Wednesday, February 29, 2012

Do Your Relationships Work?

Are you willing to settle for less than success?
Do you want to compromise your values?
Are you sacrificing to keep your relationship?
Do you want the other party to sacrifice too?

Does your relationship lack common goals and values?
Are both of you totally honest and open?
Do you each contribute equally to the relationship: time, energy and resources?
Are you both committed to what is best for each of you?
Do you take responsibility for the quality of the relationship with no guilt or blame?

Couples try to make relationships work, because “They Love one another.”
We can love many folks whom we would never want to live with and partner with for life. 
Partners confess: “They need each other emotionally or financially.”
Whenever we are dependent on someone, we will receive whatever they have to give.

People often stay in a friendship, job, partnership or marriage, because they are stuck.
They may be stuck in loyalty, stuck in false hope, stuck in fear, stuck in a house or kids or agreement.
When we are afraid to make a change, because it will look bad to others or hurt someone, we are stuck.
To see clearly what is in our best interest, we must stop judging and clarify what we want.

When we make a relationship agreement, we often choose based on what we want to be true.
When we make commitments to be friend, partner, employee or spouse, we often choose emotionally.
When we experience the side effects of our agreements, we may be offended, disappointed or angry.
Emotions are wake up calls to invite us to look rationally at the component benefits and deficits involved.

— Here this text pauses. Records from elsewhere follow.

lemma convex_hull_insert_insert_decomp:
  fixes z b c :: "'a::real_vector"
  assumes "z \<in> convex hull (insert b (insert c A))"
  obtains \<mu> y m where "0 \<le> \<mu>" "\<mu> \<le> 1" "\<mu> = 0 \<or> y \<in> convex hull A"
    "m \<in> closed_segment c b" "z = \<mu> *\<^sub>R y + (1 - \<mu>) *\<^sub>R m"
proof (cases "A = {}")
  case True
  then have "z \<in> closed_segment c b" using assms by (simp add: segment_convex_hull insert_commute)
  then show ?thesis using that[of 0] by simp
next
  case False
  obtain u v q where "0 \<le> u" "0 \<le> v" "u + v = 1" "q \<in> convex hull (insert c A)"
    "z = u *\<^sub>R b + v *\<^sub>R q"
    using assms convex_hull_insert[of "insert c A" b] by auto
  moreover obtain u' v' y where "0 \<le> u'" "0 \<le> v'" "u' + v' = 1" "y \<in> convex hull A"
    "q = u' *\<^sub>R c + v' *\<^sub>R y"
    using \<open>q \<in> convex hull (insert c A)\<close> convex_hull_insert[OF False, of c] by auto
  moreover have "b \<in> convex hull {y, c, b}" "c \<in> convex hull {y, c, b}" "y \<in> convex hull {y, c, b}"
    by (simp_all add: hull_inc)
  ultimately have "z \<in> convex hull (insert y {c, b})"
    by (metis convexD convex_convex_hull)
  then obtain \<mu> \<nu> m where "0 \<le> \<mu>" "0 \<le> \<nu>" "\<mu> + \<nu> = 1" "m \<in> closed_segment c b"
    "z = \<mu> *\<^sub>R y + \<nu> *\<^sub>R m"
    using convex_hull_insert[of "{c, b}" y] by (auto simp: segment_convex_hull)
  then show ?thesis using that[of \<mu> y m] \<open>y \<in> convex hull A\<close> by auto
qed

lemma convex_hull_insert_combination:
  fixes y w :: "'a::real_vector"
  assumes "0 \<le> \<mu>" "\<mu> \<le> 1" "\<mu> = 0 \<or> y \<in> convex hull A"
  shows "\<mu> *\<^sub>R y + (1 - \<mu>) *\<^sub>R w \<in> convex hull (insert w A)"
proof (cases "\<mu> = 0")
  case True
  then show ?thesis by (simp add: hull_inc)
next
  case False
  then have "y \<in> convex hull (insert w A)" using assms(3) hull_mono[of A "insert w A"] by blast
  moreover have "w \<in> convex hull (insert w A)" by (simp add: hull_inc)
  ultimately show ?thesis using assms by (intro convexD convex_convex_hull) auto
qed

Changing agreements responsibly and respectfully:
Changing agreements respectfully requires that we forgive ourselves and others for not choosing consciously.
Changing agreements respectfully asks that we stop the emotional blame and guilt game and be neutral.
Changing agreements responsibly requires that we clarify what is true for all parties, including expectations.
Changing agreements honorably requires that we seek only the outcome that is best for all parties.

Remember if it is not best for you, it is not best for them.
If you cannot be your best, you will not give your best to the other.
If either party sacrifices or loses, both people relinquish success.
Only when we give live our best and the other is giving and living their best.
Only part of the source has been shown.